Look for the string "also" in the listing below and copy every line in which it appears.
━━━━━ DATASET EXCERPTS ━━━━━
lemma Ft_differentiable:
  fixes p :: "'th::real_normed_vector \<times> 'et::real_normed_vector"
  assumes dl: "\<And>i. i < N \<Longrightarrow> dl (snd p) i > 0"
      "\<And>i. i < N \<Longrightarrow> (\<lambda>e. dl e i) differentiable (at (snd p))"
    and Gm: "\<And>i j. i < N \<Longrightarrow> j < N \<Longrightarrow> Gm (snd p) i j > 0"
      "\<And>i j. i < N \<Longrightarrow> j < N \<Longrightarrow> (\<lambda>e. Gm e i j) differentiable (at (snd p))"
    and f: "\<And>i. i < N \<Longrightarrow> f i (y t) (fst p) > 0"
      "\<And>i. i < N \<Longrightarrow> (\<lambda>h. f i (y t) h) differentiable (at (fst p))"
  shows "(\<lambda>psi. Ft N dl Gm f y t psi g x) differentiable (at p)"
proof -
  have fst_diff: "fst differentiable (at p)" and snd_diff: "snd differentiable (at p)"
    unfolding differentiable_def
    using has_derivative_fst[OF has_derivative_ident] has_derivative_snd[OF has_derivative_ident]
    by blast+
  have "(\<lambda>psi. ln (dl (snd psi) i)) differentiable (at p)" if "i < N" for i
    using dl that snd_diff by (auto intro!: differentiable_ln differentiable_compose[where g = snd])
  moreover have "(\<lambda>psi. ln (Gm (snd psi) i j)) differentiable (at p)" if "i < N" "j < N" for i j
    using Gm that snd_diff by (auto intro!: differentiable_ln differentiable_compose[where g = snd])
  moreover have "(\<lambda>psi. ln (f i (y t) (fst psi))) differentiable (at p)" if "i < N" for i
    using f that fst_diff by (auto intro!: differentiable_ln differentiable_compose[where g = fst])
  ultimately show ?thesis
    unfolding Ft_def
    by (cases "t = 1"; cases "2 \<le> t")
       (auto intro!: differentiable_minus differentiable_diff differentiable_sum differentiable_mult)
qed

lemma grad_Fobj:
  fixes p :: "'th::euclidean_space \<times> 'et::euclidean_space"
  assumes "\<And>t. t \<in> {1..T} \<Longrightarrow> (\<lambda>psi. Ft N dl Gm f y t psi (G t) (X t)) differentiable (at p)"
  shows "grad (\<lambda>psi. Fobj N T dl Gm f y psi G X) p
           = (1 / real T) *\<^sub>R (\<Sum>t=1..T. gFt N dl Gm f y t p (G t) (X t))"
proof (rule grad_eqI)
  have "((\<lambda>psi. (1 / real T) * (\<Sum>t=1..T. Ft N dl Gm f y t psi (G t) (X t))) has_derivative
      (\<lambda>d. (1 / real T) * (\<Sum>t=1..T. gFt N dl Gm f y t p (G t) (X t) \<bullet> d))) (at p)"
    unfolding gFt_def using assms
    by (intro has_derivative_mult_right has_derivative_sum has_derivative_grad)
  then show "((\<lambda>psi. Fobj N T dl Gm f y psi G X) has_derivative
      (\<lambda>d. ((1 / real T) *\<^sub>R (\<Sum>t=1..T. gFt N dl Gm f y t p (G t) (X t))) \<bullet> d)) (at p)"
    unfolding Fobj_def by (simp add: inner_sum_left)
qed

lemma Ft_cong:
  assumes "\<And>i. i < N \<Longrightarrow> g i = g' i"
    and "t \<ge> 2 \<Longrightarrow> (\<And>i j. i < N \<Longrightarrow> j < N \<Longrightarrow> x i j = x' i j)"
  shows "Ft N dl Gm f y t psi g x = Ft N dl Gm f y t psi g' x'"
  unfolding Ft_def using assms by (auto intro!: sum.cong)

lemma gFt_cong:
  assumes "\<And>i. i < N \<Longrightarrow> g i = g' i"
    and "t \<ge> 2 \<Longrightarrow> (\<And>i j. i < N \<Longrightarrow> j < N \<Longrightarrow> x i j = x' i j)"
  shows "gFt N dl Gm f y t p g x = gFt N dl Gm f y t p g' x'"
proof -
  have "(\<lambda>psi. Ft N dl Gm f y t psi g x) = (\<lambda>psi. Ft N dl Gm f y t psi g' x')"
    by (intro ext Ft_cong) (use assms in auto)
  then show ?thesis
    unfolding gFt_def by simp
qed

lemma alpha_tl_cong:
  assumes "t \<noteq> 1 \<Longrightarrow> (\<And>i. i < N \<Longrightarrow> a i = a' i)"
  shows "alpha_tl N dl Gm f y t a p = alpha_tl N dl Gm f y t a' p"
  unfolding alpha_tl_def using assms by (auto intro!: sum.cong)

lemma beta_tl_cong:
  assumes "t \<noteq> T \<Longrightarrow> (\<And>j. j < N \<Longrightarrow> b j = b' j)"
  shows "beta_tl N T Gm f y t b p = beta_tl N T Gm f y t b' p"
  unfolding beta_tl_def using assms by (auto intro!: sum.cong)

lemma gamma_tl_cong:
  assumes "\<And>i. i < N \<Longrightarrow> a i = a' i" "\<And>i. i < N \<Longrightarrow> b i = b' i" "i < N"
  shows "gamma_tl N a b i = gamma_tl N a' b' i"
  unfolding gamma_tl_def using assms by (auto intro!: sum.cong)

lemma xi_tl_cong:
  assumes "\<And>i. i < N \<Longrightarrow> a i = a' i" "\<And>i. i < N \<Longrightarrow> b i = b' i" "i < N" "j < N"
  shows "xi_tl N Gm f y t a b p i j = xi_tl N Gm f y t a' b' p i j"
  unfolding xi_tl_def using assms by (auto intro!: sum.cong)

lemma alpha_eq_alpha_tl:
  "t \<ge> 1 \<Longrightarrow> alpha N dl Gm f y p t = alpha_tl N dl Gm f y t (alpha N dl Gm f y p (t - 1)) p"
  by (cases t) auto

lemma beta_eq_beta_tl:
  assumes "t \<le> T"
  shows "beta N T Gm f y p t = beta_tl N T Gm f y t (beta N T Gm f y p (t + 1)) p"
proof (cases "t = T")
  case True
  then show ?thesis
    by (simp add: beta_def beta_tl_def)
next
  case False
  with assms have "T - t = Suc (T - (t + 1))" and "T - Suc (T - (t + 1)) = t"
    by simp_all
  then show ?thesis
    unfolding beta_def by simp
qed

lemma AE_PiM_measure_pmf_in_set_pmf:
  fixes p :: "'a pmf"
  shows "AE ts in PiM (UNIV :: 'i::countable set) (\<lambda>_. measure_pmf p). \<forall>m. ts m \<in> set_pmf p"
proof -
  have "AE ts in PiM UNIV (\<lambda>_. measure_pmf p). ts m \<in> set_pmf p" for m :: 'i
    by (rule AE_PiM_component) (auto simp: prob_space_measure_pmf AE_measure_pmf_iff)
  then show ?thesis
    by (simp add: AE_all_countable)
qed

context
  fixes N T :: nat
    and dl :: "'et::euclidean_space \<Rightarrow> nat \<Rightarrow> real"
    and Gm :: "'et \<Rightarrow> nat \<Rightarrow> nat \<Rightarrow> real"
    and f :: "nat \<Rightarrow> 'y \<Rightarrow> 'th::euclidean_space \<Rightarrow> real"
    and y :: "nat \<Rightarrow> 'y"
begin

definition exact_tables :: "'th \<times> 'et \<Rightarrow> (nat \<Rightarrow> nat \<Rightarrow> real) \<Rightarrow> (nat \<Rightarrow> nat \<Rightarrow> real)
    \<Rightarrow> (nat \<Rightarrow> nat \<Rightarrow> real) \<Rightarrow> (nat \<Rightarrow> nat \<Rightarrow> nat \<Rightarrow> real) \<Rightarrow> bool" where
  "exact_tables p a b g x \<longleftrightarrow>
     (\<forall>t\<in>{1..T}. \<forall>i<N. a t i = alpha N dl Gm f y p t i \<and> b t i = beta N T Gm f y p t i
        \<and> g t i = gamma N T dl Gm f y p t i)
   \<and> (\<forall>t\<in>{2..T}. \<forall>i<N. \<forall>j<N. x t i j = xi N T dl Gm f y p t i j)"

lemma alpha_tl_exact:
  assumes "exact_tables p a b g x" "t \<in> {1..T}"
  shows "alpha_tl N dl Gm f y t (a (t - 1)) p = alpha N dl Gm f y p t"
proof -
  have "alpha_tl N dl Gm f y t (a (t - 1)) p = alpha_tl N dl Gm f y t (alpha N dl Gm f y p (t - 1)) p"
  proof (rule alpha_tl_cong)
    fix i
    assume "t \<noteq> 1" "i < N"
    with assms(2) have "t - 1 \<in> {1..T}"
      by auto
    with assms(1) \<open>i < N\<close> show "a (t - 1) i = alpha N dl Gm f y p (t - 1) i"
      unfolding exact_tables_def by blast
  qed
  also have "\<dots> = alpha N dl Gm f y p t"
    using assms(2) by (simp add: alpha_eq_alpha_tl)
  finally show ?thesis .
qed

lemma beta_tl_exact:
  assumes "exact_tables p a b g x" "t \<in> {1..T}"
  shows "beta_tl N T Gm f y t (b (t + 1)) p = beta N T Gm f y p t"
proof -
  have "beta_tl N T Gm f y t (b (t + 1)) p = beta_tl N T Gm f y t (beta N T Gm f y p (t + 1)) p"
    by (rule beta_tl_cong) (use assms in \<open>auto simp: exact_tables_def\<close>)
  also have "\<dots> = beta N T Gm f y p t"
    using assms(2) by (simp add: beta_eq_beta_tl)
  finally show ?thesis .
qed

lemma exact_tables_refresh:
  fixes P :: bool
  assumes exact: "exact_tables p a b g x" and tm: "tm \<in> {1..T}"
  defines "a' \<equiv> if P then a(tm := alpha_tl N dl Gm f y tm (a (tm - 1)) p) else a"
    and "b' \<equiv> if P then b(tm := beta_tl N T Gm f y tm (b (tm + 1)) p) else b"
  defines "g' \<equiv> if P then g(tm := gamma_tl N (a' tm) (b' tm)) else g"
    and "x' \<equiv> if P \<and> tm \<ge> 2 then x(tm := xi_tl N Gm f y tm (a' (tm - 1)) (b' tm) p) else x"
  shows "exact_tables p a' b' g' x'"
proof -
  have a': "\<forall>t\<in>{1..T}. \<forall>i<N. a' t i = alpha N dl Gm f y p t i"
    and b': "\<forall>t\<in>{1..T}. \<forall>i<N. b' t i = beta N T Gm f y p t i"
    using exact alpha_tl_exact[OF exact tm] beta_tl_exact[OF exact tm]
    by (auto simp: a'_def b'_def exact_tables_def)
  have "\<forall>t\<in>{1..T}. \<forall>i<N. g' t i = gamma N T dl Gm f y p t i"
    using exact tm a' b' by (auto simp: g'_def exact_tables_def gamma_def intro: gamma_tl_cong)
  moreover have "\<forall>i<N. a' (tm - 1) i = alpha N dl Gm f y p (tm - 1) i" if "tm \<ge> 2"
  proof -
    from tm that have "tm - 1 \<in> {1..T}"
      by auto
    with a' show ?thesis
      by blast
  qed
  then have "\<forall>t\<in>{2..T}. \<forall>i<N. \<forall>j<N. x' t i j = xi N T dl Gm f y p t i j"
    using exact tm b' by (auto simp: x'_def exact_tables_def xi_def intro!: xi_tl_cong)
  ultimately show ?thesis
    using a' b' by (simp add: exact_tables_def)
qed

lemma gFt_exact:
  assumes "exact_tables p a b g x" "t \<in> {1..T}"
  shows "gFt N dl Gm f y t p (g t) (x t)
           = gFt N dl Gm f y t p (gamma N T dl Gm f y p t) (xi N T dl Gm f y p t)"
  by (rule gFt_cong) (use assms in \<open>auto simp: exact_tables_def\<close>)

definition stationary_state :: "'th \<times> 'et \<Rightarrow> ('th \<times> 'et) vstate \<Rightarrow> bool" where
  "stationary_state p s \<longleftrightarrow> phi s = p \<and> avg s = 0 \<and> exact_tables p (ah s) (bh s) (gh s) (xh s)
     \<and> (\<forall>t\<in>{1..T}. tab s t = gFt N dl Gm f y t p (gamma N T dl Gm f y p t) (xi N T dl Gm f y p t))"

lemma stationary_state_init:
  assumes exact: "exact_tables p A0 B0 G0 X0"
    and diff: "\<And>t. t \<in> {1..T} \<Longrightarrow>
      (\<lambda>psi. Ft N dl Gm f y t psi (gamma N T dl Gm f y p t) (xi N T dl Gm f y p t)) differentiable (at p)"
    and critical: "grad (\<lambda>psi. Fobj N T dl Gm f y psi (gamma N T dl Gm f y p) (xi N T dl Gm f y p)) p = 0"
  shows "stationary_state p (vrso_init N T dl Gm f y A0 B0 G0 X0 p)"
proof -
  have "(\<Sum>t=1..T. gFt N dl Gm f y t p (G0 t) (X0 t))
      = (\<Sum>t=1..T. gFt N dl Gm f y t p (gamma N T dl Gm f y p t) (xi N T dl Gm f y p t))"
    using gFt_exact[OF exact] by simp
  then show ?thesis
    using critical grad_Fobj[OF diff] gFt_exact[OF exact] exact
    by (simp add: stationary_state_def vrso_init_def)
qed

lemma stationary_state_step:
  assumes stat: "stationary_state p s" and tm: "tm \<in> {1..T}"
  shows "stationary_state p (vrso_step N T dl Gm f y lam A P tm s)"
proof -
  have phi: "phi s = p" and exact: "exact_tables p (ah s) (bh s) (gh s) (xh s)"
    using stat by (simp_all add: stationary_state_def)
  define a' where "a' = (if P then (ah s)(tm := alpha_tl N dl Gm f y tm (ah s (tm - 1)) p) else ah s)"
  define b' where "b' = (if P then (bh s)(tm := beta_tl N T Gm f y tm (bh s (tm + 1)) p) else bh s)"
  define g' where "g' = (if P then (gh s)(tm := gamma_tl N (a' tm) (b' tm)) else gh s)"
  define x' where "x' = (if P \<and> tm \<ge> 2 then (xh s)(tm := xi_tl N Gm f y tm (a' (tm - 1)) (b' tm) p) else xh s)"
  have exact': "exact_tables p a' b' g' x'"
    unfolding a'_def b'_def g'_def x'_def using exact tm by (rule exact_tables_refresh)
  have fresh_grad: "gFt N dl Gm f y tm p (g' tm) (x' tm) = tab s tm"
    using gFt_exact[OF exact' tm] stat tm by (simp add: stationary_state_def)
  show ?thesis
    unfolding vrso_step_def Let_def phi a'_def[symmetric] b'_def[symmetric] g'_def[symmetric]
      x'_def[symmetric] fresh_grad
    using stat exact' by (simp add: stationary_state_def)
qed

lemma stationary_state_run:
  assumes "stationary_state p (vrso_init N T dl Gm f y A0 B0 G0 X0 p)" "\<forall>m. ts m \<in> {1..T}"
  shows "stationary_state p (vrso_run N T dl Gm f y A0 B0 G0 X0 p lam A P ts M)"
  by (induction M) (use assms stationary_state_step in auto)

end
━━━━━
## EXERCISE OUTPUT
  also have "\<dots> = alpha N dl Gm f y p t"
  also have "\<dots> = beta N T Gm f y p t"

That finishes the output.